The first reading takes the usual form of a skim to feel for the door handle. Heaney tells the story in the first stanza of Ted Hughes meeting T.S. Elliot. This is recounted in the Letters of Ted Hughes ( Faber 2008 ) when TH met T.S. Elliot for the first time at a Faberparty after the publication of his first book of poetry A Hawk in the Rain. Ted Hughes described Elliot’s hands first in a letter to his sister Olwyn Hughes ‘He has huge thick hands - unexpected‘ and then on another occasion to William Scammell the description which Heaney recounts in the poem. Heaney seems to be eager to hear this story ‘And what was it like?’ as if the monumental moment was the most important thing, not the man himself, otherwise he would have surely asked what was he like? Elliot was of course not only the pre-eminent poet of the era and the most famous contemporary poet of the time (a fact that cannot be ignored since both Hughes and Heaney are the most famous contemporary poets of their time) but also poetry editor and one of the directors of Faber.
‘When he looked at you….’ recounts Hughes it was like the prow of the largest ship in the world coming toward you. When he looked at you. As if Ted Hughes was projecting his own future fame onto T.S. Elliot’s current fame. What other words could describe this look: poise, majesty, confidence and above all a superior curiosity about this new prince in the Elliot kingdom. The Hawk in the Rain had won The Galbraith Prize and been highly acclaimed. Not a fear of usurpation or an annoying rivalry but rather a benevolent wish to understand the new poet’s poetry, perhaps to give encouragement, perhaps to curry friendship. Elliot looked down from his massive height, stooped to bestow his blessings and Hughes caught the look, held the gesture and gave it a vaguely mocking analogy.

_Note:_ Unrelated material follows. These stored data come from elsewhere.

(* Let $X,Y$ be compact topological spaces, $\mu\in\mathcal{P}(X)$, $\nu\in\mathcal{P}(Y)$, $c\in C(X\times Y)$. The operator $S$ has a fixed point $u_*\in C(X)$. Moreover, $u_*$ is uniquely determined $\mu$-almost everywhere up to an additive constant; more precisely, there is a unique fixed point of $S$ in $S(C(X))/\mathbb{R}$ (i.e. fixed points in the image of $S$ are unique up to additive constants).
   Context: For $u\in C(X)$ set $v[u](y)=\log\int_Xe^{-c(x,y)-u(x)}d\mu(x)$, and for $v\in C(Y)$ set $u[v](x)=\log\int_Ye^{-c(x,y)-v(y)}d\nu(y)$. $S:C(X)\to C(X)$ is $S(u)=u[v[u]]$. Note $S(u+\lambda)=S(u)+\lambda$ for constants $\lambda$. *)

theory Defs
  imports "HOL-Probability.Probability"
begin

definition v_of :: "('a \<times> 'b \<Rightarrow> real) \<Rightarrow> 'a measure \<Rightarrow> ('a \<Rightarrow> real) \<Rightarrow> 'b \<Rightarrow> real" where
  "v_of c \<mu> u y = ln (\<integral>x. exp (- c (x, y) - u x) \<partial>\<mu>)"

definition u_of :: "('a \<times> 'b \<Rightarrow> real) \<Rightarrow> 'b measure \<Rightarrow> ('b \<Rightarrow> real) \<Rightarrow> 'a \<Rightarrow> real" where
  "u_of c \<nu> v x = ln (\<integral>y. exp (- c (x, y) - v y) \<partial>\<nu>)"

definition S_op :: "('a \<times> 'b \<Rightarrow> real) \<Rightarrow> 'a measure \<Rightarrow> 'b measure \<Rightarrow> ('a \<Rightarrow> real) \<Rightarrow> 'a \<Rightarrow> real" where
  "S_op c \<mu> \<nu> u = u_of c \<nu> (v_of c \<mu> u)"

end

theory Submission
  imports Defs
begin

text \<open>Tilting two densities \<open>e\<^sup>a\<close>, \<open>e\<^sup>b\<close> with
  \<open>|a - b| \<le> \<Gamma>\<close> by the same factor \<open>e\<^sup>-\<^sup>h\<close> changes their log-masses by amounts that differ by
  at most \<open>(1 - e\<^sup>-\<^sup>2\<^sup>\<Gamma>) osc h\<close>, because \<open>e\<^sup>a\<close> dominates \<open>e\<^sup>-\<^sup>2\<^sup>\<Gamma>\<close> times the
  normalisation of \<open>e\<^sup>b\<close>. Hence \<open>S\<close> contracts the oscillation of differences by a factor
  \<open>L < 1\<close>. This gives uniqueness of continuous fixed points up to constants, and makes the
  normalised iterates of \<open>u \<mapsto> S u - S u x\<^sub>0\<close> converge uniformly to some \<open>W\<close> with
  \<open>S W = W + k\<close>. Integrating \<open>e\<^sup>-\<^sup>c\<^sup>-\<^sup>W\<^sup>-\<^sup>v\<^sup>[\<^sup>W\<^sup>]\<close> over \<open>X \<times> Y\<close> in both orders
  gives \<open>1 = e\<^sup>k\<close>, so \<open>k = 0\<close>.\<close>

definition log_integral_exp :: "'a measure \<Rightarrow> ('a \<Rightarrow> real) \<Rightarrow> real" where
  "log_integral_exp M f = ln (\<integral>x. exp (f x) \<partial>M)"

definition oscillation_le :: "('a \<Rightarrow> real) \<Rightarrow> real \<Rightarrow> bool" where
  "oscillation_le h K \<longleftrightarrow> (\<forall>x x'. h x - h x' \<le> K)"

lemma bounded_range_continuous_on_compact_UNIV:
  fixes f :: "'a::topological_space \<Rightarrow> 'b::metric_space"
  assumes "compact (UNIV :: 'a set)" "continuous_on UNIV f"
  shows "bounded (range f)"
  using compact_imp_bounded[OF compact_continuous_image[OF assms(2,1)]] .

lemma borel_measurable_continuous_on_UNIV:
  assumes "sets M = sets borel" "continuous_on UNIV f"
  shows "f \<in> borel_measurable M"
  using borel_measurable_continuous_onI[OF assms(2)] measurable_cong_sets[OF assms(1) refl] by blast

lemma bounded_range_abs_le:
  fixes f :: "'a \<Rightarrow> real"
  assumes "bounded (range f)"
  obtains B where "\<And>x. \<bar>f x\<bar> \<le> B"
  using assms unfolding bounded_real by auto

lemma continuous_on_compact_uniform_in_fibre:
  fixes G :: "'q::topological_space \<times> 'p::topological_space \<Rightarrow> real"
  assumes "compact (UNIV :: 'q set)" "continuous_on UNIV G" "0 < e"
  obtains V where "open V" "p\<^sub>0 \<in> V" "\<And>p q. p \<in> V \<Longrightarrow> \<bar>G (q, p) - G (q, p\<^sub>0)\<bar> < e"
proof -
  let ?W = "{z :: 'p \<times> 'q. \<bar>G (snd z, fst z) - G (snd z, p\<^sub>0)\<bar> < e}"
  have c1: "continuous_on UNIV (\<lambda>z :: 'p \<times> 'q. G (snd z, fst z))"
    by (rule continuous_on_compose2[OF assms(2)]) (auto intro!: continuous_intros)
  have c2: "continuous_on UNIV (\<lambda>z :: 'p \<times> 'q. G (snd z, p\<^sub>0))"
    by (rule continuous_on_compose2[OF assms(2)]) (auto intro!: continuous_intros)
  have "open ?W" by (rule open_Collect_less) (auto intro!: continuous_intros c1 c2)
  moreover have "{p\<^sub>0} \<times> UNIV \<subseteq> ?W" using assms(3) by auto
  ultimately have "\<exists>V. p\<^sub>0 \<in> V \<and> open V \<and> V \<times> UNIV \<subseteq> ?W"
    by (rule Elementary_Topology.tube_lemma[OF assms(1)])
  then obtain V where "p\<^sub>0 \<in> V" "open V" "V \<times> UNIV \<subseteq> ?W" by blast
  then have "\<bar>G (q, p) - G (q, p\<^sub>0)\<bar> < e" if "p \<in> V" for p q
    using that by (auto dest!: subsetD[where c = "(p, q)"])
  with \<open>open V\<close> \<open>p\<^sub>0 \<in> V\<close> show ?thesis by (rule that)
qed

lemma ln_gap_le_of_mixture_bound:
  fixes \<delta> H m l l' :: real
  assumes "0 \<le> \<delta>" "\<delta> \<le> 1" "l' \<le> -m"
    and mix: "(1 - \<delta>) * exp (-H) + \<delta> * exp l' \<le> exp l"
  shows "l' - l \<le> (1 - \<delta>) * (H - m)"
proof -
  have "exp ((1 - \<delta>) * (-H) + \<delta> * l') \<le> (1 - \<delta>) * exp (-H) + \<delta> * exp l'"
    using convex_onD[OF exp_convex, of \<delta> "-H" l'] assms(1,2) by simp
  with mix have "exp ((1 - \<delta>) * (-H) + \<delta> * l') \<le> exp l" by linarith
  then have "(1 - \<delta>) * (-H) + \<delta> * l' \<le> l" by simp
  moreover have "(1 - \<delta>) * (l' + H) \<le> (1 - \<delta>) * (H - m)"
    using assms(2,3) by (intro mult_left_mono) auto
  ultimately show ?thesis by (simp add: algebra_simps)
qed

context prob_space
begin

lemma integrable_exp_bounded:
  fixes f :: "'a \<Rightarrow> real"
  assumes "f \<in> borel_measurable M" "bounded (range f)"
  shows "integrable M (\<lambda>x. exp (f x))"
proof -
  obtain B where "\<And>x. \<bar>f x\<bar> \<le> B" using bounded_range_abs_le[OF assms(2)] by blast
  then have "AE x in M. norm (exp (f x)) \<le> exp B" by (auto simp: abs_le_iff)
  then show ?thesis using assms(1) by (intro integrable_const_bound) auto
qed

lemma integral_exp_pos:
  fixes f :: "'a \<Rightarrow> real"
  assumes "f \<in> borel_measurable M" "bounded (range f)"
  shows "0 < (\<integral>x. exp (f x) \<partial>M)"
proof -
  obtain B where B: "\<And>x. \<bar>f x\<bar> \<le> B" using bounded_range_abs_le[OF assms(2)] by blast
  have "exp (-B) = (\<integral>x. exp (-B) \<partial>M)" by (simp add: prob_space)
  also have "\<dots> \<le> (\<integral>x. exp (f x) \<partial>M)"
    using B by (intro integral_mono integrable_exp_bounded assms) (auto simp: abs_le_iff minus_le_iff)
  finally show ?thesis by (rule less_le_trans[OF exp_gt_zero])
qed

lemma exp_log_integral_exp:
  fixes f :: "'a \<Rightarrow> real"
  assumes "f \<in> borel_measurable M" "bounded (range f)"
  shows "exp (log_integral_exp M f) = (\<integral>x. exp (f x) \<partial>M)"
  using integral_exp_pos[OF assms] by (simp add: log_integral_exp_def)

lemma integral_exp_le_shift:
  fixes f g :: "'a \<Rightarrow> real"
  assumes "f \<in> borel_measurable M" "bounded (range f)"
    and "g \<in> borel_measurable M" "bounded (range g)"
    and "\<And>x. f x \<le> g x + e"
  shows "(\<integral>x. exp (f x) \<partial>M) \<le> exp e * (\<integral>x. exp (g x) \<partial>M)"
proof -
  have "(\<integral>x. exp (f x) \<partial>M) \<le> (\<integral>x. exp e * exp (g x) \<partial>M)"
    using assms(5) by (intro integral_mono integrable_exp_bounded integrable_mult_right assms(1-4))
      (simp add: mult_exp_exp add.commute)
  then show ?thesis by simp
qed

lemma log_integral_exp_le_shift:
  fixes f g :: "'a \<Rightarrow> real"
  assumes "f \<in> borel_measurable M" "bounded (range f)"
    and "g \<in> borel_measurable M" "bounded (range g)"
    and "\<And>x. f x \<le> g x + e"
  shows "log_integral_exp M f \<le> log_integral_exp M g + e"
proof -
  have "log_integral_exp M f \<le> ln (exp e * (\<integral>x. exp (g x) \<partial>M))"
    unfolding log_integral_exp_def
    using integral_exp_le_shift[OF assms] integral_exp_pos[OF assms(1,2)] by simp
  also have "\<dots> = log_integral_exp M g + e"
    using integral_exp_pos[OF assms(3,4)] by (simp add: ln_mult log_integral_exp_def)
  finally show ?thesis .
qed

lemma abs_log_integral_exp_diff_le:
  fixes f g :: "'a \<Rightarrow> real"
  assumes "f \<in> borel_measurable M" "bounded (range f)"
    and "g \<in> borel_measurable M" "bounded (range g)"
    and "\<And>x. \<bar>f x - g x\<bar> \<le> e"
  shows "\<bar>log_integral_exp M f - log_integral_exp M g\<bar> \<le> e"
proof -
  have "f x \<le> g x + e" "g x \<le> f x + e" for x
    using assms(5)[of x] by (auto simp: abs_le_iff)
  then show ?thesis
    using log_integral_exp_le_shift[OF assms(1-4)] log_integral_exp_le_shift[OF assms(3,4,1,2)]
    by (smt (verit))
qed

text \<open>The measure \<open>e\<^sup>a M\<close> dominates \<open>e\<^sup>-\<^sup>\<Gamma> e\<^sup>b M\<close>, so after normalisation it is a
  mixture with weight at least \<open>e\<^sup>-\<^sup>2\<^sup>\<Gamma>\<close> of the normalisation of \<open>e\<^sup>b M\<close> and of some other
  probability measure; on the latter \<open>e\<^sup>-\<^sup>h \<ge> e\<^sup>-\<^sup>H\<close>.\<close>
lemma integral_exp_mixture_bound:
  fixes a b h :: "'a \<Rightarrow> real"
  assumes a: "a \<in> borel_measurable M" "bounded (range a)"
    and b: "b \<in> borel_measurable M" "bounded (range b)"
    and h: "h \<in> borel_measurable M" "bounded (range h)"
    and ab: "\<And>x. \<bar>a x - b x\<bar> \<le> \<Gamma>" and hH: "\<And>x. h x \<le> H"
  shows "(1 - exp (-2*\<Gamma>)) * exp (-H)
           + exp (-2*\<Gamma>) * ((\<integral>x. exp (b x - h x) \<partial>M) / (\<integral>x. exp (b x) \<partial>M))
         \<le> (\<integral>x. exp (a x - h x) \<partial>M) / (\<integral>x. exp (a x) \<partial>M)"
proof -
  have ah: "(\<lambda>x. a x - h x) \<in> borel_measurable M" "bounded (range (\<lambda>x. a x - h x))"
    using a h by (auto intro: bounded_minus_comp)
  have bh: "(\<lambda>x. b x - h x) \<in> borel_measurable M" "bounded (range (\<lambda>x. b x - h x))"
    using b h by (auto intro: bounded_minus_comp)
  define P where "P = (\<integral>x. exp (a x) \<partial>M)"
  define Q where "Q = (\<integral>x. exp (b x) \<partial>M)"
  define Ph where "Ph = (\<integral>x. exp (a x - h x) \<partial>M)"
  define Qh where "Qh = (\<integral>x. exp (b x - h x) \<partial>M)"
  have pos: "0 < P" "0 < Q"
    unfolding P_def Q_def using integral_exp_pos a b by auto
  have "0 \<le> (\<integral>x. (exp (a x) - exp (-\<Gamma>) * exp (b x)) * (exp (- h x) - exp (-H)) \<partial>M)"
  proof (intro integral_nonneg_AE AE_I2 mult_nonneg_nonneg)
    fix x
    show "0 \<le> exp (a x) - exp (-\<Gamma>) * exp (b x)"
      using ab[of x] by (simp add: mult_exp_exp abs_le_iff)
    show "0 \<le> exp (- h x) - exp (-H)" using hH[of x] by simp
  qed
  also have "\<dots> = (\<integral>x. (exp (a x - h x) - exp (-\<Gamma>) * exp (b x - h x))
      - exp (-H) * (exp (a x) - exp (-\<Gamma>) * exp (b x)) \<partial>M)"
    by (intro Bochner_Integration.integral_cong) (simp_all add: algebra_simps exp_diff exp_minus divide_inverse)
  also have "\<dots> = (Ph - exp (-\<Gamma>) * Qh) - exp (-H) * (P - exp (-\<Gamma>) * Q)"
    unfolding P_def Q_def Ph_def Qh_def
    using integrable_exp_bounded[OF a] integrable_exp_bounded[OF b]
      integrable_exp_bounded[OF ah] integrable_exp_bounded[OF bh] by simp
  finally have dominate: "exp (-H) * (P - exp (-\<Gamma>) * Q) + exp (-\<Gamma>) * Qh \<le> Ph" by simp
  have "P \<le> exp \<Gamma> * Q"
    unfolding P_def Q_def using ab by (intro integral_exp_le_shift a b) (smt (verit))
  then have "exp (-2*\<Gamma>) * P \<le> exp (-2*\<Gamma>) * exp \<Gamma> * Q" by simp
  then have weight: "exp (-2*\<Gamma>) \<le> exp (-\<Gamma>) * Q / P"
    using pos by (simp add: field_simps mult_exp_exp)
  have "exp (-H) * Q \<le> Qh"
    unfolding Q_def Qh_def using hH integral_exp_le_shift[OF b bh, of H] by (simp add: exp_minus field_simps)
  then have "exp (-H) \<le> Qh / Q" using pos by (simp add: field_simps)
  moreover have "(1 - \<delta>) * e + \<delta> * E \<le> (1 - \<theta>) * e + \<theta> * E"
    if "\<delta> \<le> \<theta>" "e \<le> E" for \<delta> \<theta> e E :: real
    using mult_right_mono[OF that(1), of "E - e"] that(2) by (simp add: algebra_simps)
  ultimately have "(1 - exp (-2*\<Gamma>)) * exp (-H) + exp (-2*\<Gamma>) * (Qh / Q)
      \<le> (1 - exp (-\<Gamma>) * Q / P) * exp (-H) + exp (-\<Gamma>) * Q / P * (Qh / Q)"
    using weight by blast
  also have "\<dots> = (exp (-H) * (P - exp (-\<Gamma>) * Q) + exp (-\<Gamma>) * Qh) / P"
    using pos by (simp add: field_simps)
  also have "\<dots> \<le> Ph / P"
    using dominate pos by (intro divide_right_mono) auto
  finally show ?thesis unfolding P_def Q_def Ph_def Qh_def .
qed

Heaney remembered being told. A decade or more after Hughes’ death Heaney recounts it again for us. For Heaney too, Elliot, the great English/American bard, cast a long shadow, The Waste Land and the Quartets defined modernism in English poesy. All poets struggled to emancipate themselves from Elliot’s grip just as many poets of today struggle against the influence of Hughes and Heaney. So in this respect Heaney is also making a memoriam for Ted, his friend, ( Heaney said the following of Ted Hughes’ death No death outside my own immediate family has left me feeling more bereft) and also himself. He is saying we are Elliot’s heirs.
In stanza two one poet watches the other. One no longer alive but struggling to leave the shore of his contemporaries and join his precursors, the Elliot’s and the Frost’s and the Shelly’s and Milton’s etc., a very full burial ground of illumination and extravagant brilliance, yet still homaged by contemporary poets, unable to leave, his influence settling but not yet settled, Hughes struggles to leave his legacy and be at peace.
Seamus Heaney is saying, ‘Hughes like me can never leave the shore, the mainland of poesy, for he is immortalised by his work, like Elliot before him. He watches me unable to put any distance between us, for inevitably I shall follow him in my Arthurian death boat, tethered to history.’
And the title ‘Stern’ is all about farewells. As a ship sets from the safety of the harbour its stern is the last thing seen; the part of the ship that carries the rudder, the means of direction. Also the Stern is the opposite of the Prow that Hughes saw coming toward him when he met Elliot. Undoubtedly, although Hughes and by association Heaney have been the Prow’s to many poets, their farewells will be the slowly disappearing reversal of ascendant fortune and excellence. In this poem Heaney is preparing for his own departure.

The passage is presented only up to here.